To look at this issue, Hofmann and colleagues recently conducted the Determination of the Role of Oxygen in Suspected Acute Myocardial Infarction (DETO2X-AMI) trial, a multicentre controlled open-label study based on nationwide Swedish registries [3]. Adult patients presenting with symptoms suggestive of AMI for less than 6 hours, a SaO2 ≥ 90% without ongoing oxygen therapy, EKG changes indicating ischaemia or a positive troponin T or I level, were randomly assigned to receive either supplemental oxygen (6 L/min by open face mask for 6 to 12 hours) or ambient air. A total of 6629 patients were enrolled in the study, 6243 (94.2%) because of chest pain. The final diagnosis was AMI in 5010 (75.6%) patients. Both populations received the same level of care. The median SaO2 at randomisation was 97%. The median SaO2 at the end of treatment was 99% in the oxygen group (median duration of O2 therapy of 11.6 hours) and 97% in the ambient air group (P < 0.001). Hypoxaemia requiring supplemental O2 administration was significantly higher in the ambient-air group. The primary end point of death from any cause within 1 year after randomisation occurred in 5.0% of patients (166 of 3311) in the oxygen group and 5.1% of patients (168 of 3318) in the ambient-air group (hazard ratio, 0.97; P=0.80). The results were consistent across all prespecified subgroups. Death from any cause within 30 days after randomisation, rehospitalisation with AMI and the composite of these two endpoints at 30 and 365 days were similar between the oxygen and ambient-air group. There was no significant difference between the two groups in myocardial injury, assessed using the median of the highest troponin-T level occurring during hospitalisation.

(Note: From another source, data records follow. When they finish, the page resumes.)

(* Fix $\lambda\in(0,1)$ and let $L=\lambda/\sqrt{1-\lambda^2}$. Let $U\subset V_0$ be open, $\psi\colon U\to\mathbb{R}$ continuous with $\Gamma_\psi$ an intrinsic $\lambda$-Lipschitz graph, $I\subset\mathbb{R}$ an interval, and $g\colon I\to\mathbb{R}$ a differentiable function with $(t,0,g(t))\in U$ and $g'(t)+\psi(t,0,g(t))=0$ for all $t\in I$. Writing $\gamma(t)=(t,0,g(t))$, for all $s,t\in I$: $$|\psi(\gamma(s))-\psi(\gamma(t))|\le L|s-t|\qquad\text{and}\qquad |g(t)-g(s)-g'(s)(t-s)|\le L\frac{(t-s)^2}{2}.$$
   Context: $\mathbb H$ is $\mathbb{R}^3$ with product $uv=u+v+\frac12(x(u)y(v)-y(u)x(v))Z$, $Y=(0,1,0)$, $Z=(0,0,1)$, $u^t=tu$; $d$ is the Carnot–Carathéodory metric. $V_0=\{y=0\}$. $\Gamma_\psi=\{vY^{\psi(v)}:v\in U\}$ is an intrinsic $\lambda$-Lipschitz graph if $|y(q)-y(p)|\le\lambda d(p,q)$ for all $p,q\in\Gamma_\psi$. (The curve $\gamma$ is called a characteristic curve of $\Gamma_\psi$.) *)

theory Defs
  imports "HOL-Analysis.Analysis"
begin

type_synonym heis = "real \<times> real \<times> real"

definition hx :: "heis \<Rightarrow> real" where "hx p = fst p"
definition hy :: "heis \<Rightarrow> real" where "hy p = fst (snd p)"
definition hz :: "heis \<Rightarrow> real" where "hz p = snd (snd p)"

definition hmult :: "heis \<Rightarrow> heis \<Rightarrow> heis" where
  "hmult u v = (hx u + hx v, hy u + hy v,
                hz u + hz v + (hx u * hy v - hy u * hx v) / 2)"

definition Ypow :: "real \<Rightarrow> heis" where "Ypow t = (0, t, 0)"

text \<open>Horizontal (absolutely continuous) curves on [0,1]:
  gamma' = h1 X(gamma) + h2 Y(gamma) a.e., with X = d_x - y/2 d_z, Y = d_y + x/2 d_z,
  written in integrated form with integrable controls h1, h2.\<close>
definition horizontal_curve :: "(real \<Rightarrow> heis) \<Rightarrow> (real \<Rightarrow> real) \<Rightarrow> (real \<Rightarrow> real) \<Rightarrow> bool" where
  "horizontal_curve \<gamma> h1 h2 \<longleftrightarrow>
     h1 absolutely_integrable_on {0..1} \<and> h2 absolutely_integrable_on {0..1} \<and>
     (\<forall>t\<in>{0..1}.
        hx (\<gamma> t) = hx (\<gamma> 0) + integral {0..t} h1 \<and>
        hy (\<gamma> t) = hy (\<gamma> 0) + integral {0..t} h2 \<and>
        hz (\<gamma> t) = hz (\<gamma> 0) +
          integral {0..t} (\<lambda>s. (hx (\<gamma> s) * h2 s - hy (\<gamma> s) * h1 s) / 2))"

definition curve_length :: "(real \<Rightarrow> real) \<Rightarrow> (real \<Rightarrow> real) \<Rightarrow> real" where
  "curve_length h1 h2 = integral {0..1} (\<lambda>s. sqrt ((h1 s)\<^sup>2 + (h2 s)\<^sup>2))"

definition cc_dist :: "heis \<Rightarrow> heis \<Rightarrow> real" where
  "cc_dist p q = Inf {curve_length h1 h2 | \<gamma> h1 h2.
      horizontal_curve \<gamma> h1 h2 \<and> \<gamma> 0 = p \<and> \<gamma> 1 = q}"

definition V0 :: "heis set" where "V0 = {p. hy p = 0}"

definition intrinsic_graph :: "heis set \<Rightarrow> (heis \<Rightarrow> real) \<Rightarrow> heis set" where
  "intrinsic_graph U \<psi> = {hmult v (Ypow (\<psi> v)) | v. v \<in> U}"

definition intrinsic_lipschitz_graph :: "real \<Rightarrow> heis set \<Rightarrow> (heis \<Rightarrow> real) \<Rightarrow> bool" where
  "intrinsic_lipschitz_graph lam U \<psi> \<longleftrightarrow>
     (\<forall>p\<in>intrinsic_graph U \<psi>. \<forall>q\<in>intrinsic_graph U \<psi>.
        \<bar>hy q - hy p\<bar> \<le> lam * cc_dist p q)"

end

(*
  Along the characteristic t |-> (t, 0, g t) put f t = psi (t, 0, g t), so that g' = -f.  The graph
  points over the characteristic at u < v differ horizontally by (v - u, f v - f u) and vertically
  by the error of the trapezoid rule for the integral of f over [u, v].  A segment followed by a
  small closed loop is a horizontal curve, so the CC distance is at most the horizontal length
  plus C * sqrt |vertical part|, and intrinsic lambda-Lipschitz continuity gives the cone condition

    |f v - f u| <= lambda * (|(v - u, f v - f u)| + C * sqrt |trapezoid error|).

  Where f nearly realises its best Lipschitz constant M, it is nearly affine, the trapezoid error
  is o((v - u)^2), and the cone condition yields M <= lambda * sqrt (1 + M^2), that is
  M <= lambda / sqrt (1 - lambda^2); a cruder run of the same argument first shows that M is
  finite.  The second-order estimate follows by integrating the Lipschitz bound for g' = -f.
*)

theory Submission
  imports Defs
begin

section \<open>A horizontal curve bounding the Carnot-Caratheodory distance\<close>

lemma cc_dist_le_curve_length:
  assumes "horizontal_curve \<gamma> h1 h2" and "\<gamma> 0 = p" and "\<gamma> 1 = q"
  shows "cc_dist p q \<le> curve_length h1 h2"
  unfolding cc_dist_def
proof (rule cInf_lower)
  show "curve_length h1 h2 \<in> {curve_length h1 h2 |\<gamma> h1 h2. horizontal_curve \<gamma> h1 h2 \<and> \<gamma> 0 = p \<and> \<gamma> 1 = q}"
    using assms by blast
  have "0 \<le> curve_length h1' h2'" for h1' h2'
    unfolding curve_length_def
    by (cases "(\<lambda>s. sqrt ((h1' s)\<^sup>2 + (h2' s)\<^sup>2)) integrable_on {0..1}")
       (auto intro: integral_nonneg simp: not_integrable_integral)
  then show "bdd_below {curve_length h1 h2 |\<gamma> h1 h2. horizontal_curve \<gamma> h1 h2 \<and> \<gamma> 0 = p \<and> \<gamma> 1 = q}"
    by (auto intro: bdd_belowI[where m = 0])
qed

lemma curve_length_le:
  assumes "continuous_on {0..1} h1" and "continuous_on {0..1} h2"
    and "\<And>w. w \<in> {0..1} \<Longrightarrow> sqrt ((h1 w)\<^sup>2 + (h2 w)\<^sup>2) \<le> B"
  shows "curve_length h1 h2 \<le> B"
proof -
  have "curve_length h1 h2 \<le> integral {0..1} (\<lambda>_::real. B)"
    unfolding curve_length_def
    using assms by (intro integral_le integrable_continuous_interval continuous_intros) auto
  then show ?thesis by simp
qed

lemma integral_eq_increment:
  fixes F f :: "real \<Rightarrow> real"
  assumes "\<And>w. w \<in> {0..1} \<Longrightarrow> (F has_real_derivative f w) (at w within {0..1})"
    and "t \<in> {0..1}"
  shows "integral {0..t} f = F t - F 0"
proof -
  have "(f has_integral (F t - F 0)) {0..t}"
  proof (intro fundamental_theorem_of_calculus)
    fix w assume "w \<in> {0..t}"
    with assms have "(F has_real_derivative f w) (at w within {0..1})" by auto
    then have "(F has_real_derivative f w) (at w within {0..t})"
      by (rule DERIV_subset) (use assms in auto)
    then show "(F has_vector_derivative f w) (at w within {0..t})"
      by (simp add: has_real_derivative_iff_has_vector_derivative)
  qed (use assms in auto)
  then show ?thesis by (rule integral_unique)
qed

lemma horizontal_curveI:
  fixes x y z h1 h2 :: "real \<Rightarrow> real"
  assumes "continuous_on {0..1} h1" and "continuous_on {0..1} h2"
    and "\<And>w. w \<in> {0..1} \<Longrightarrow> (x has_real_derivative h1 w) (at w within {0..1})"
    and "\<And>w. w \<in> {0..1} \<Longrightarrow> (y has_real_derivative h2 w) (at w within {0..1})"
    and "\<And>w. w \<in> {0..1} \<Longrightarrow>
           (z has_real_derivative (x w * h2 w - y w * h1 w) / 2) (at w within {0..1})"
  shows "horizontal_curve (\<lambda>w. (x w, y w, z w)) h1 h2"
  unfolding horizontal_curve_def
  using assms integral_eq_increment[of x h1] integral_eq_increment[of y h2]
    integral_eq_increment[of z "\<lambda>w. (x w * h2 w - y w * h1 w) / 2"]
  by (auto simp: hx_def hy_def hz_def field_simps intro: absolutely_integrable_continuous_real)

(* (loop_x, loop_y) is a closed loop at the origin whose coordinates have mean zero and which
   encloses the signed area loop_area 1 / 2 = -1/70.  Added with amplitudes alpha, beta to a
   segment, it moves only the height of the endpoint, by - alpha * beta / 70. *)
definition loop_x :: "real \<Rightarrow> real" where "loop_x w = w - 3 * w^2 + 2 * w^3"
definition loop_x' :: "real \<Rightarrow> real" where "loop_x' w = 1 - 6 * w + 6 * w^2"
definition loop_x_primitive :: "real \<Rightarrow> real" where
  "loop_x_primitive w = w^2 / 2 - w^3 + w^4 / 2"
definition loop_y :: "real \<Rightarrow> real" where "loop_y w = w - 6 * w^2 + 10 * w^3 - 5 * w^4"
definition loop_y' :: "real \<Rightarrow> real" where "loop_y' w = 1 - 12 * w + 30 * w^2 - 20 * w^3"
definition loop_y_primitive :: "real \<Rightarrow> real" where
  "loop_y_primitive w = w^2 / 2 - 2 * w^3 + 5 * w^4 / 2 - w^5"
definition loop_area :: "real \<Rightarrow> real" where
  "loop_area w = 4 * w^4 - w^3 - 33 / 5 * w^5 + 5 * w^6 - 10 / 7 * w^7"

lemma loop_x_deriv: "(loop_x has_real_derivative loop_x' w) (at w within S)"
  unfolding loop_x_def loop_x'_def
  by (auto intro!: derivative_eq_intros simp: algebra_simps power2_eq_square power3_eq_cube)

lemma loop_y_deriv: "(loop_y has_real_derivative loop_y' w) (at w within S)"
  unfolding loop_y_def loop_y'_def
  by (auto intro!: derivative_eq_intros simp: algebra_simps power2_eq_square power3_eq_cube)

lemma loop_x_primitive_deriv: "(loop_x_primitive has_real_derivative loop_x w) (at w within S)"
  unfolding loop_x_primitive_def loop_x_def
  by (auto intro!: derivative_eq_intros simp: algebra_simps power2_eq_square power3_eq_cube)

lemma loop_y_primitive_deriv: "(loop_y_primitive has_real_derivative loop_y w) (at w within S)"
  unfolding loop_y_primitive_def loop_y_def
  by (auto intro!: derivative_eq_intros simp: algebra_simps power2_eq_square power3_eq_cube)

lemma loop_area_deriv:
  "(loop_area has_real_derivative loop_x w * loop_y' w - loop_y w * loop_x' w) (at w within S)"
  unfolding loop_area_def loop_x_def loop_y_def loop_x'_def loop_y'_def
  by (rule derivative_eq_intros refl | simp)+
     (simp add: algebra_simps power2_eq_square power3_eq_cube eval_nat_numeral)

lemma loop_endpoints [simp]:
  "loop_x 0 = 0" "loop_x 1 = 0" "loop_y 0 = 0" "loop_y 1 = 0"
  "loop_x_primitive 0 = 0" "loop_x_primitive 1 = 0"
  "loop_y_primitive 0 = 0" "loop_y_primitive 1 = 0"
  "loop_area 0 = 0" "loop_area 1 = -1/35"
  by (simp_all add: loop_x_def loop_y_def loop_x_primitive_def loop_y_primitive_def loop_area_def)

lemma abs_loop_x'_le: "0 \<le> w \<Longrightarrow> w \<le> 1 \<Longrightarrow> \<bar>loop_x' w\<bar> \<le> 1"
proof -
  assume w: "0 \<le> w" "w \<le> 1"
  have "loop_x' w = 1 - 6 * (w * (1 - w))" and "loop_x' w = 6 * (w - 1/2)^2 - 1/2"
    unfolding loop_x'_def by (simp_all add: algebra_simps power2_eq_square)
  moreover have "0 \<le> w * (1 - w)" "0 \<le> (w - 1/2)^2"
    using w by simp_all
  ultimately show ?thesis unfolding abs_le_iff by linarith
qed

lemma abs_loop_y'_le: "0 \<le> w \<Longrightarrow> w \<le> 1 \<Longrightarrow> \<bar>loop_y' w\<bar> \<le> 1"
proof -
  assume w: "0 \<le> w" "w \<le> 1"
  have "loop_y' w = 1 - w * (20 * (w - 3/4)^2 + 3/4)"
    and "loop_y' w = (1 - w) * (20 * (w - 1/4)^2 + 3/4) - 1"
    unfolding loop_y'_def by (simp_all add: algebra_simps power2_eq_square power3_eq_cube)
  moreover have "0 \<le> w * (20 * (w - 3/4)^2 + 3/4)" "0 \<le> (1 - w) * (20 * (w - 1/4)^2 + 3/4)"
    using w by simp_all
  ultimately show ?thesis unfolding abs_le_iff by linarith
qed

The DETO2X-AMI is the largest trial to date investigating the effect of oxygen therapy in patients with suspected IMA with no hypoxaemia at baseline, both in the prehospital and hospital setting. Normoxaemia was defined according to SaO2 levels, with no reference to PaO2 levels. Although the sample size calculation may have introduced a bias in the trial planning, the results of the study suggest that supplemental oxygen provides no benefit to these patients, thus not supporting its routine use in their initial management. Although mechanisms underlying physiological and biochemical adaptation to myocardial ischaemia are complex, this pragmatic trial, with its patient-centered outcome based on mortality and rehospitalisation, suggests the need for clinical practice to change. Definitive recommendations regarding the routine use of oxygen in patients with AMI and no hypoxaemia are warranted.

Article review prepared and submitted by EJRC member Cristina Dominedò, MD, Department of Anesthesiology and Intensive Care, Catholic University of the Sacred Heart, A. Gemelli Hospital, Rome, Italy.

 

References

  1. Ibanez B et al. 2017 ESC Guidelines for the management of acute myocardial infarction in patients presenting with ST-segment elevation: The Task Force for the management of acute myocardial infarction in patients presenting with ST-segment elevation of the European Society of Cardiology (ESC). Eur Heart J. 2017 Aug 26.
  2. Roffi M et al. 2015 ESC Guidelines for the management of acute coronary syndromes in patients presenting without persistent ST-segment elevation. European Heart Journal (2016) 37, 267–315.
  3. Hofmann R et al. Oxygen Therapy in Suspected Acute Myocardial Infarction. N Engl J Med. 2017 Sep 28;377(13):1240-1249.